To meet this need, Chaos Mesh provided Chaos Mesh Workflow, a built-in workflow engine. Using this engine, you can run different Chaos experiments in serial or parallel to simulate production-level errors.

Currently, Chaos Mesh Workflow supports the following features:

  • Serial Orchestration
  • Parallel Orchestration
  • Customized tasks
  • Conditional branch

Typical user scenarios:

  • Use parallel orchestration to inject multiple NetworkChaos faults to simulate complex web environments.
  • Use serial orchestration to perform health checks and use the conditional branch to determine whether to perform the remaining steps.

The design of Chaos Mesh Workflow is, to some extent, inspired by Argo Workflows. If you are familiar with Argo Workflows, you can also quickly get started with Chaos Mesh Workflow.

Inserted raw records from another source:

lemma laplacian_form_ge_variance:
  assumes fin: "finite V" and conn: "graph_connected V (\<lambda>j l. A j l > 0)"
    and nonneg: "\<forall>j\<in>V. \<forall>l\<in>V. A j l \<ge> 0"
  shows "\<exists>\<mu>>0. \<forall>y. \<mu> * (\<Sum>j\<in>V. (y j - (\<Sum>l\<in>V. y l) / card V)\<^sup>2) \<le> laplacian_form V A y"
proof -
  from conn obtain j0 where j0: "j0 \<in> V"
    unfolding graph_connected_def by auto
  have "\<forall>j\<in>V. \<exists>K\<ge>0. \<forall>y. (y j - y j0)\<^sup>2 \<le> K * laplacian_form V A y"
    using conn j0 unfolding graph_connected_def
    by (auto intro!: laplacian_form_bounds_path_difference[OF fin nonneg])
  then obtain K where K: "\<forall>j\<in>V. K j \<ge> 0 \<and> (\<forall>y. (y j - y j0)\<^sup>2 \<le> K j * laplacian_form V A y)"
    by metis
  define S where "S = (\<Sum>j\<in>V. K j)"
  have S: "S \<ge> 0"
    unfolding S_def using K by (auto intro!: sum_nonneg)
  show ?thesis
  proof (intro exI[of _ "1 / (1 + S)"] conjI allI)
    show "0 < 1 / (1 + S)"
      using S by auto
    fix y :: "'a \<Rightarrow> real"
    have Q: "laplacian_form V A y \<ge> 0"
      unfolding laplacian_form_def using nonneg by (auto intro!: sum_nonneg)
    have "(\<Sum>j\<in>V. (y j - (\<Sum>l\<in>V. y l) / card V)\<^sup>2) \<le> (\<Sum>j\<in>V. (y j - y j0)\<^sup>2)"
      by (rule sum_sq_dev_mean_le[OF fin]) (use j0 in auto)
    also have "\<dots> \<le> (\<Sum>j\<in>V. K j * laplacian_form V A y)"
      using K by (intro sum_mono) auto
    also have "\<dots> = S * laplacian_form V A y"
      by (simp add: S_def sum_distrib_right)
    also have "\<dots> \<le> (1 + S) * laplacian_form V A y"
      using Q by (simp add: algebra_simps)
    finally show "1 / (1 + S) * (\<Sum>j\<in>V. (y j - (\<Sum>l\<in>V. y l) / card V)\<^sup>2) \<le> laplacian_form V A y"
      using S by (simp add: field_simps)
  qed
qed

lemma laplacian_sum_antisym:
  fixes A :: "'a \<Rightarrow> 'a \<Rightarrow> real"
  assumes "\<forall>j\<in>V. \<forall>l\<in>V. A j l = A l j"
  shows "(\<Sum>j\<in>V. \<Sum>l\<in>V. A j l * ((y j - y l) * z j)) = - (\<Sum>j\<in>V. \<Sum>l\<in>V. A j l * ((y j - y l) * z l))"
proof -
  have "(\<Sum>j\<in>V. \<Sum>l\<in>V. A j l * ((y j - y l) * z j)) = (\<Sum>l\<in>V. \<Sum>j\<in>V. A j l * ((y j - y l) * z j))"
    by (rule sum.swap)
  also have "\<dots> = (\<Sum>l\<in>V. \<Sum>j\<in>V. - (A l j * ((y l - y j) * z j)))"
  proof (intro sum.cong refl)
    fix l j
    assume "l \<in> V" "j \<in> V"
    then have "A j l = A l j"
      using assms by blast
    then show "A j l * ((y j - y l) * z j) = - (A l j * ((y l - y j) * z j))"
      by (simp add: algebra_simps)
  qed
  finally show ?thesis
    by (simp add: sum_negf)
qed

lemma laplacian_rows_sum_eq_0:
  fixes A :: "'a \<Rightarrow> 'a \<Rightarrow> real"
  assumes "\<forall>j\<in>V. \<forall>l\<in>V. A j l = A l j"
  shows "(\<Sum>j\<in>V. \<Sum>l\<in>V. A j l * (y j - y l)) = 0"
  using laplacian_sum_antisym[OF assms, of y "\<lambda>_. 1"] by simp

lemma laplacian_form_eq:
  fixes A :: "'a \<Rightarrow> 'a \<Rightarrow> real"
  assumes "\<forall>j\<in>V. \<forall>l\<in>V. A j l = A l j"
  shows "2 * (\<Sum>j\<in>V. (y j - m) * (\<Sum>l\<in>V. A j l * (y j - y l))) = laplacian_form V A y"
proof -
  have "(y j - m) * (\<Sum>l\<in>V. A j l * (y j - y l))
      = (\<Sum>l\<in>V. A j l * ((y j - y l) * y j)) - m * (\<Sum>l\<in>V. A j l * (y j - y l))" for j
    by (simp add: sum_distrib_left sum_subtractf[symmetric] algebra_simps)
  then have "(\<Sum>j\<in>V. (y j - m) * (\<Sum>l\<in>V. A j l * (y j - y l)))
      = (\<Sum>j\<in>V. \<Sum>l\<in>V. A j l * ((y j - y l) * y j)) - m * (\<Sum>j\<in>V. \<Sum>l\<in>V. A j l * (y j - y l))"
    by (simp add: sum_subtractf sum_distrib_left)
  also have "\<dots> = (\<Sum>j\<in>V. \<Sum>l\<in>V. A j l * ((y j - y l) * y j))"
    using laplacian_rows_sum_eq_0[OF assms] by simp
  finally have "2 * (\<Sum>j\<in>V. (y j - m) * (\<Sum>l\<in>V. A j l * (y j - y l)))
      = (\<Sum>j\<in>V. \<Sum>l\<in>V. A j l * ((y j - y l) * y j)) - (\<Sum>j\<in>V. \<Sum>l\<in>V. A j l * ((y j - y l) * y l))"
    using laplacian_sum_antisym[OF assms, of y y] by simp
  also have "\<dots> = laplacian_form V A y"
    unfolding laplacian_form_def sum_subtractf[symmetric]
    by (intro sum.cong refl) (simp add: power2_eq_square algebra_simps)
  finally show ?thesis .
qed

section \<open>Scalar differential inequalities\<close>

lemma has_real_derivative_within_Icc:
  assumes "\<forall>t\<ge>0. (U has_real_derivative U' t) (at t within {0..})" "0 \<le> s" "s \<le> x" "x \<le> t"
  shows "(U has_real_derivative U' x) (at x within {s..t})"
  using assms by (meson DERIV_subset atLeastAtMost_iff atLeast_iff order_trans subsetI)

lemma last_time_le:
  fixes U :: "real \<Rightarrow> real"
  assumes cont: "continuous_on {a..b} U" and "a \<le> b" "U a \<le> m"
  obtains t0 where "t0 \<in> {a..b}" "U t0 \<le> m" "\<And>t. t0 < t \<Longrightarrow> t \<le> b \<Longrightarrow> m < U t"
proof -
  define S where "S = {a..b} \<inter> U -` {..m}"
  have "closed S"
    unfolding S_def by (rule continuous_closed_preimage[OF cont]) auto
  moreover have "a \<in> S" "bdd_above S"
    using assms by (auto simp: S_def bdd_above_def)
  ultimately have "Sup S \<in> S"
    by (intro closed_contains_Sup) auto
  moreover have "m < U t" if "Sup S < t" "t \<le> b" for t
  proof (rule ccontr)
    assume "\<not> m < U t"
    then have "t \<in> S"
      using that \<open>Sup S \<in> S\<close> by (auto simp: S_def)
    then show False
      using cSup_upper[OF _ \<open>bdd_above S\<close>] that by fastforce
  qed
  ultimately show ?thesis
    using that by (auto simp: S_def)
qed

lemma first_time_ge:
  fixes U :: "real \<Rightarrow> real"
  assumes cont: "continuous_on {a..b} U" and "a \<le> b" "l \<le> U b"
  obtains t1 where "t1 \<in> {a..b}" "l \<le> U t1" "\<And>t. a \<le> t \<Longrightarrow> t < t1 \<Longrightarrow> U t < l"
proof -
  define S where "S = {a..b} \<inter> U -` {l..}"
  have "closed S"
    unfolding S_def by (rule continuous_closed_preimage[OF cont]) auto
  moreover have "b \<in> S" "bdd_below S"
    using assms by (auto simp: S_def bdd_below_def)
  ultimately have "Inf S \<in> S"
    by (intro closed_contains_Inf) auto
  moreover have "U t < l" if "a \<le> t" "t < Inf S" for t
  proof (rule ccontr)
    assume "\<not> U t < l"
    then have "t \<in> S"
      using that \<open>Inf S \<in> S\<close> by (auto simp: S_def)
    then show False
      using cInf_lower[OF _ \<open>bdd_below S\<close>] that by fastforce
  qed
  ultimately show ?thesis
    using that by (auto simp: S_def)
qed

lemma deriv_le_imp_le_linear:
  fixes U U' :: "real \<Rightarrow> real"
  assumes "a \<le> b"
    and der: "\<forall>x\<in>{a..b}. (U has_real_derivative U' x) (at x within {a..b})"
    and bound: "\<forall>x\<in>{a<..<b}. U' x \<le> c"
  shows "U b \<le> U a + c * (b - a)"
proof (cases "a = b")
  case False
  then have "a < b"
    using \<open>a \<le> b\<close> by simp
  moreover have "\<And>x. a \<le> x \<Longrightarrow> x \<le> b \<Longrightarrow> (U has_derivative (*) (U' x)) (at x within {a..b})"
    using der by (simp add: has_field_derivative_def)
  ultimately obtain x where x: "x \<in> {a<..<b}" and mvt: "U b - U a = U' x * (b - a)"
    using mvt_simple[of a b U "\<lambda>x. (*) (U' x)"] by auto
  have "U' x * (b - a) \<le> c * (b - a)"
    using bound x \<open>a < b\<close> by (intro mult_right_mono) auto
  with mvt show ?thesis
    by linarith
qed simp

More workflow examples are available in the Chaos Mesh GitHub repository.

Create a workflow using Chaos Dashboard

Step 1. Open Chaos Dashboard

Click NEW WORKFLOW.

New Workflow

Step 2. Setup basic information of the workflow

Workflow Info

Step 3. Configure the nodes of the workflow

  1. Select an option under Choose task type according to your needs.

    In this example, the “Single” type is selected as the task type.

    Create Chaos Mesh Workflow - 图3note

    Chaos Dashboard automatically creates a serial node named “entry” as the entry point for this workflow.

    Choose Task Type

  2. Fill out the experiment information.

    The configuration method is the same as creating a normal chaos experiment. For example, you can set up a “POD KILL” type of “PodChaos” named kill-nginx.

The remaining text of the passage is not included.